Several results seem particularly noteworthy. In earlier publications, the critical environmental factors have been suggested to be "population wide " exposures [10
]. Intriguingly, a similar conclusion can be reached by a mathematical analysis, in which that these environmental exposures (whatever they are) can be shown to be extremely common events [10
]. By contrast, the genetics of MS seems to be of critical importance with regard to disease pathogenesis. Thus, the analysis presented in this manuscript demonstrates that the large majority of individuals who develop MS (possibly all) must have, in part, a genetic basis for their disease. Moreover, to underscore the importance of genetic susceptibility to disease pathogenesis, the mathematical analysis of the present manuscript demonstrates that, under any circumstance, only a tiny fraction of the general population (<2.2%) is genetically susceptible to getting this illness. Finally, the derived model demonstrates that the possibilities for the number of susceptibility loci (and the number of involved loci necessary to confer that susceptibility) are quite limited (Tables , , , , , , , and ). Indeed, it seems that genetic susceptibility is, by far, the most important factor in disease pathogenesis. Thus, whereas environmental factors (while necessary) are very common population-wide events [10
], only a very small fraction of the general population are genetically capable of getting the disease, regardless of what occurs to them during life. This conclusion is not altered at all by the recent report of Baranzini and co-workers [31
], which reported that there were no genetic or epigenetic differences between elderly monozygotic twins who were clearly discordant for MS. This finding is anticipated. Even if everyone who developed MS had to be genetically susceptible (and as both MZ twins will be if one has MS), the expected concordance rate in MZ twins is still only 25% in the northern North America and northern Europe. This study only serves to underscores the importance of an environmental contribution to MS pathogenesis - a conclusion that was clearly evident decades prior to this publication [2
A previous paper also explored a mathematical model of MS Genetics in order to determine both the number of risk alleles required and their allelic frequency [32
]. In this paper, the author approached the problem by using observed value for the lifetime risk of MS [P(MS)] and the monozygotic-twin concordance risk (CRMZ
), together with different numbers of risk alleles with different frequencies, to predict the recurrence risk in both first and second degree relatives of an MS proband. Conceptually, this author's view of MS susceptibility is that MS risk increases either with the number of risk alleles in an additive or a multiplicative manner or as a step function where (in the case of 10 total alleles) the risk for 6 or fewer alleles was 0 and the risk for 7 or more alleles was 0.25 (i.e., the CRMZ
).
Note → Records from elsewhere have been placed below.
theory Submission
  imports Defs Complex_Main
begin

(* For a poset P on an n-element set S and m \<in> \<nat> consider
     - the order points:  order-preserving maps S \<rightarrow> {0..m}, and
     - the chain points:  maps g : S \<rightarrow> \<nat> whose sum over every P-chain is \<le> m.
   Stanley's transfer map f \<mapsto> (x \<mapsto> f x - max of f strictly below x) is a bijection
   between the two sets, so both have the same cardinality.
   Injective order points correspond to pairs (linear extension, n-subset of {0..m}),
   and at most n^2 (m+1)^(n-1) order points are non-injective; hence
       e(P) (m+1 choose n) \<le> #chain points \<le> e(P) (m+1 choose n) + n^2 (m+1)^(n-1).
   Chains are cliques of the comparability graph, so fewer comparabilities in Q mean
   fewer chain constraints: every chain point of P is a chain point of Q.  Letting m be
   large enough that the error term is dominated gives e(P) \<le> e(Q).  If some edge {a,b}
   of P is missing in Q, an explicit box of maps that are large on a and b consists of
   chain points of Q but not of P; it has K^n elements, which beats the error term
   for suitable K and m, giving e(P) < e(Q). *)

(* P-chains: sets of pairwise comparable elements (the library notion, whose
   constant name is hidden by Zorn's lemma). *)
abbreviation is_chain :: "('a \<Rightarrow> 'a \<Rightarrow> bool) \<Rightarrow> 'a set \<Rightarrow> bool" where
  "is_chain \<equiv> Complete_Partial_Order.chain"

lemma po_field: "partial_order_on_set S P \<Longrightarrow> P x y \<Longrightarrow> x \<in> S \<and> y \<in> S"
  and po_refl: "partial_order_on_set S P \<Longrightarrow> x \<in> S \<Longrightarrow> P x x"
  and po_antisym: "partial_order_on_set S P \<Longrightarrow> P x y \<Longrightarrow> P y x \<Longrightarrow> x = y"
  and po_trans: "partial_order_on_set S P \<Longrightarrow> P x y \<Longrightarrow> P y z \<Longrightarrow> P x z"
  and po_transp: "partial_order_on_set S P \<Longrightarrow> transp P"
  unfolding partial_order_on_set_def transp_def by blast+

lemma chain_has_max:
  assumes "finite C" "C \<noteq> {}" "is_chain P C"
    and "transp P"
  shows "\<exists>z\<in>C. \<forall>c\<in>C. P c z"
  using assms(1-3)
proof (induction C rule: finite_ne_induct)
  case (singleton x)
  then show ?case by (auto simp: chain_def)
next
  case (insert x F)
  obtain z where z: "z \<in> F" "\<forall>c\<in>F. P c z"
    using insert.IH chain_subset[OF insert.prems] by blast
  from insert.prems z(1) consider "P x z" | "P z x" by (auto elim: chainE)
  then show ?case
  proof cases
    case 1
    then show ?thesis using z by auto
  next
    case 2
    then have "\<forall>c\<in>F. P c x" using z transpD[OF assms(4)] by blast
    then show ?thesis using insert.prems by (auto simp: chain_def)
  qed
qed


(* The lattice points of the m-th dilates of the order polytope and of the chain
   polytope of P, as functions extensional on S. *)
definition order_points :: "'a set \<Rightarrow> ('a \<Rightarrow> 'a \<Rightarrow> bool) \<Rightarrow> nat \<Rightarrow> ('a \<Rightarrow> nat) set" where
  "order_points S P m =
     {f \<in> extensional S. (\<forall>x\<in>S. f x \<le> m) \<and> (\<forall>x y. P x y \<longrightarrow> f x \<le> f y)}"

definition chain_points :: "'a set \<Rightarrow> ('a \<Rightarrow> 'a \<Rightarrow> bool) \<Rightarrow> nat \<Rightarrow> ('a \<Rightarrow> nat) set" where
  "chain_points S P m = {g \<in> extensional S. \<forall>C. C \<subseteq> S \<longrightarrow> is_chain P C \<longrightarrow> sum g C \<le> m}"

lemma order_points_finite: "finite S \<Longrightarrow> finite (order_points S P m)"
proof -
  assume "finite S"
  moreover have "order_points S P m \<subseteq> PiE S (\<lambda>_. {..m})"
    by (auto simp: order_points_def PiE_iff extensional_def)
  ultimately show ?thesis by (meson finite_PiE finite_atMost finite_subset)
qed

(* Singletons are chains, so chain points are bounded by m as well. *)
lemma chain_points_finite:
  assumes "finite S" "partial_order_on_set S P"
  shows "finite (chain_points S P m)"
proof -
  have "chain_points S P m \<subseteq> PiE S (\<lambda>_. {..m})"
  proof
    fix g assume g: "g \<in> chain_points S P m"
    have "g x \<le> m" if "x \<in> S" for x
    proof -
      have "is_chain P {x}" using po_refl[OF assms(2) that] by (auto simp: chain_def)
      then show ?thesis using g that unfolding chain_points_def by force
    qed
    then show "g \<in> PiE S (\<lambda>_. {..m})" using g by (auto simp: chain_points_def PiE_iff)
  qed
  then show ?thesis using assms(1) by (meson finite_PiE finite_atMost finite_subset)
qed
His conclusion was that the best fit with existing data was for autosomal dominant models having either a strong interaction between the different loci, in which risk increases rapidly with each additional disease allele or, better yet, a step function [32
]. When 10 loci are present, the allelic frequency of the susceptibility alleles was calculated to be (0.15 - 0.31). The author then explored the impact of changing the number of presumed risk alleles (in models using a step function where the step occurred at 100%, 67% and 33% of the number of alleles). In each case, the allelic frequency was adjusted so that the predicted population probability of MS [P(MS)] was always 0.2%. Using this strategy, the author reported that four different models fit the observed recurrence risk data. Thus, dominant models in which 100% of 6 risk alleles were required for susceptibility, dominant models with 9 or more risk alleles and 67% required, dominant models with 15 or more risk alleles and 33% required, and a recessive model in which 100% of 2 or 3 risk alleles were required, all fit the data. Moreover, using this model, the author found no upper limit to the number of alleles possible although, with an increasing number, the allelic frequencies increased toward 1.0 [32
In many ways this earlier model [32
] is a subset of the model proposed here. Thus, following the argument in Section 1, this model would still require there to be a total of (n
) susceptibility loci to be in a susceptible state in order for an individual to be genetically susceptible. Moreover, the notion of a step function (going suddenly from non-susceptibility to susceptibility once a certain number of risk alleles are present) is common to both schemes. However, in the previous model, this step function was inferred from the "closeness of fit" analysis of the predicted recurrence rates whereas, in the present paper, it is used as a convenience to describe a much more complicated and interactive underlying susceptibility structure (see Section 1). In addition, there is no provision in the previous model for a possible difference in penetrance of different combinations of risk alleles. Neither of these differences, however, is critical and, in fact, they are both likely to be of no importance whatsoever.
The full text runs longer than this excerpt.